Here’s a very recent BangerNomics example. My 85 year old mother-in-law (who lives solely on state pension and benefits) had run around in an S reg (1999) VW Passat Estate for around 12 years. She had to fork out a few hundred quid in maintenance costs each year but it was still incredibly cheap motoring.
At the cars last MOT, at 22 years old, the repairs became uneconomical so she binned it and bought a 2009 VW Golf Estate with 161,000 mikes on the clock for £1k. Unfortunately, after just one month (whilst still getting used to the car) she managed to scrape it down the side of a stone wall (she lives out in the sticks). She got a quote for repairs of £750. As she doesn’t intend to drive for much longer, she went to her insurers who, as we expected, said that the car was uneconomical to repair and would be written off. They offered her £2,000 for the car (they didn’t ask about the mileage which, come to think of it, insurers don’t, so they had obviously valued it on average mileage).

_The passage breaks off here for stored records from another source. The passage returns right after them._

text \<open>On \<open>[-2, -1]\<close> the three shifted copies of \<open>bump\<close> have no common zero, so the continuous
  function \<open>bump_deriv^2\<close> is dominated by the sum of their squares. Since the shifts become
  translations of \<open>ln |x|\<close>, this bounds \<open>\<integral>|x|^-N bump_deriv(ln |x| / L)^2 dx\<close> by a multiple
  of the corresponding integral of \<open>bump^2\<close> that does not depend on \<open>L\<close>.\<close>

lemma bump_deriv_square_le:
  obtains C where "C \<ge> 0"
    "\<And>t. (bump_deriv t)\<^sup>2 \<le> C * ((bump (t + 1/3))\<^sup>2 + (bump t)\<^sup>2 + (bump (t - 1/3))\<^sup>2)"
proof -
  define S where "S t = (bump (t + 1/3))\<^sup>2 + (bump t)\<^sup>2 + (bump (t - 1/3))\<^sup>2" for t
  have S_nonneg: "S t \<ge> 0" for t unfolding S_def by auto
  have S_pos: "S t > 0" if "t \<in> {-2..-1}" for t
  proof -
    consider "t \<le> -5/3" | "-5/3 < t \<and> t < -4/3" | "t \<ge> -4/3" by linarith
    then have "bump (t + 1/3) > 0 \<or> bump t > 0 \<or> bump (t - 1/3) > 0"
      using that by cases (auto intro!: bump_pos)
    then show ?thesis
      unfolding S_def by (smt (verit) zero_less_power2 zero_le_power2)
  qed
  have S_cont: "continuous_on {-2..-1} S"
    unfolding S_def by (intro continuous_intros continuous_on_compose2[OF continuous_on_bump[of UNIV]]) auto
  obtain t0 where t0: "t0 \<in> {-2..-1}" "\<And>t. t \<in> {-2..-1} \<Longrightarrow> S t0 \<le> S t"
    using continuous_attains_inf[OF compact_Icc _ S_cont] by fastforce
  have deriv_cont: "continuous_on {-2..-1} (\<lambda>t. (bump_deriv t)\<^sup>2)"
    by (intro continuous_intros continuous_on_bump_deriv)
  obtain t1 where t1: "\<And>t. t \<in> {-2..-1} \<Longrightarrow> (bump_deriv t)\<^sup>2 \<le> (bump_deriv t1)\<^sup>2"
    using continuous_attains_sup[OF compact_Icc _ deriv_cont] by fastforce
  define C where "C = (bump_deriv t1)\<^sup>2 / S t0"
  have "S t0 > 0" using S_pos t0 by auto
  then have "C \<ge> 0" unfolding C_def by auto
  moreover have "(bump_deriv t)\<^sup>2 \<le> C * S t" for t
  proof (cases "t \<in> {-2..-1}")
    case True
    have "(bump_deriv t)\<^sup>2 \<le> (bump_deriv t1)\<^sup>2" using t1 True by auto
    also have "\<dots> = C * S t0" unfolding C_def using \<open>S t0 > 0\<close> by simp
    also have "\<dots> \<le> C * S t" using t0 True \<open>C \<ge> 0\<close> by (intro mult_left_mono) auto
    finally show ?thesis .
  next
    case False
    then show ?thesis using bump_deriv_eq_0[of t] \<open>C \<ge> 0\<close> S_nonneg[of t] by auto
  qed
  ultimately show ?thesis using that unfolding S_def by blast
qed

lemma log_radial_profile:
  fixes f :: "real \<Rightarrow> real"
  assumes "continuous_on UNIV f" and vanish: "\<And>s. s < \<alpha> \<or> s > \<beta> \<Longrightarrow> f s = 0"
  shows "continuous_on UNIV (\<lambda>x::'a::euclidean_space. f (ln (norm x)) / norm x ^ DIM('a))"
    and "\<And>x::'a. norm x > exp \<beta> \<Longrightarrow> f (ln (norm x)) / norm x ^ DIM('a) = 0"
    and "integrable lborel (\<lambda>x::'a. f (ln (norm x)) / norm x ^ DIM('a))"
proof -
  have "continuous_on (-{0}) (\<lambda>x::'a. f (ln (norm x)))"
    by (rule continuous_on_compose2[OF assms(1)]) (auto intro!: continuous_intros)
  then have cont_off_0: "continuous_on (-{0}) (\<lambda>x::'a. f (ln (norm x)) / norm x ^ DIM('a))"
    by (intro continuous_intros) auto
  have off: "f (ln (norm x)) / norm x ^ DIM('a) = 0" if "norm x < exp \<alpha> \<or> norm x > exp \<beta>" for x :: 'a
  proof (cases "x = 0")
    case False
    then have "ln (norm x) < \<alpha> \<or> ln (norm x) > \<beta>"
      using that by (metis exp_less_cancel_iff exp_ln zero_less_norm_iff)
    then show ?thesis using vanish by simp
  qed simp
  show cont: "continuous_on UNIV (\<lambda>x::'a. f (ln (norm x)) / norm x ^ DIM('a))"
    using continuous_on_UNIV_vanishing_near_0[OF exp_gt_zero cont_off_0] off by blast
  show outside: "\<And>x::'a. norm x > exp \<beta> \<Longrightarrow> f (ln (norm x)) / norm x ^ DIM('a) = 0"
    using off by blast
  show "integrable lborel (\<lambda>x::'a. f (ln (norm x)) / norm x ^ DIM('a))"
    by (rule integrable_continuous_vanishing_outside_ball[OF cont outside])
qed

text \<open>The measure \<open>|x|^-N dx\<close> is invariant under dilations, i.e. under translations of \<open>ln |x|\<close>.\<close>

lemma integral_log_radial_shift:
  fixes f :: "real \<Rightarrow> real"
  assumes "continuous_on UNIV f" and "\<And>s. s < \<alpha> \<or> s > \<beta> \<Longrightarrow> f s = 0"
  shows "(\<integral>x. f (ln (norm (x::'a::euclidean_space)) + c) / norm x ^ DIM('a) \<partial>lborel)
       = (\<integral>x. f (ln (norm (x::'a))) / norm x ^ DIM('a) \<partial>lborel)"
proof -
  define g where "g x = f (ln (norm x)) / norm x ^ DIM('a)" for x :: 'a
  define h where "h x = f (ln (norm x) + c) / norm x ^ DIM('a)" for x :: 'a
  have shifted_cont: "continuous_on UNIV (\<lambda>s. f (s + c))"
    by (intro continuous_on_compose2[OF assms(1)] continuous_intros) auto
  have shifted_vanish: "f (s + c) = 0" if "s < \<alpha> - c \<or> s > \<beta> - c" for s
    using assms(2) that by auto
  have h_cont: "continuous_on UNIV h" and h_out: "\<And>x. norm x > exp (\<beta> - c) \<Longrightarrow> h x = 0"
    using log_radial_profile[where \<alpha>="\<alpha> - c" and \<beta>="\<beta> - c", OF shifted_cont shifted_vanish] unfolding h_def[abs_def] by auto
  have g_cont: "continuous_on UNIV g" and g_out: "\<And>x. norm x > exp \<beta> \<Longrightarrow> g x = 0"
    using log_radial_profile[where \<alpha>=\<alpha> and \<beta>=\<beta>, OF assms] unfolding g_def[abs_def] by auto
  have "g (exp c *\<^sub>R x) = h x / exp c ^ DIM('a)" for x
    by (cases "x = 0") (simp_all add: g_def h_def ln_mult power_mult_distrib zero_power algebra_simps)
  moreover have "integral UNIV (\<lambda>x. g (exp c *\<^sub>R x)) = integral UNIV g / exp c ^ DIM('a)"
    by (rule integral_UNIV_dilation[OF g_cont g_out exp_gt_zero])
  ultimately have "integral UNIV h = integral UNIV g" by simp
  then show ?thesis
    using integral_UNIV_vanishing_outside_ball[OF g_cont g_out]
      integral_UNIV_vanishing_outside_ball[OF h_cont h_out]
    unfolding g_def h_def by simp
qed

definition bump_profile :: "real \<Rightarrow> real \<Rightarrow> 'a::euclidean_space \<Rightarrow> real" where
  "bump_profile L d x = (bump (ln (norm x) / L + d))\<^sup>2 / norm x ^ DIM('a)"

lemma bump_profile_nonneg: "bump_profile L d x \<ge> 0"
  by (simp add: bump_profile_def)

Now here’s where it gets bizarre and I still don’t understand it (never having written a car off myself, thankfully). As it was a category N write off (cosmetic only) they let her buy the car back for just £200 so, after paying that and her £50 excess she had the car back plus £1,750. She put the car in for repair (cost £750) and now has the repaired car back plus £1,000 in her pocket. As she had protected No Claims Discount, her insurance continued unaffected. I still can’t get my head around it as it seems nuts to me, but that’s what’s happened!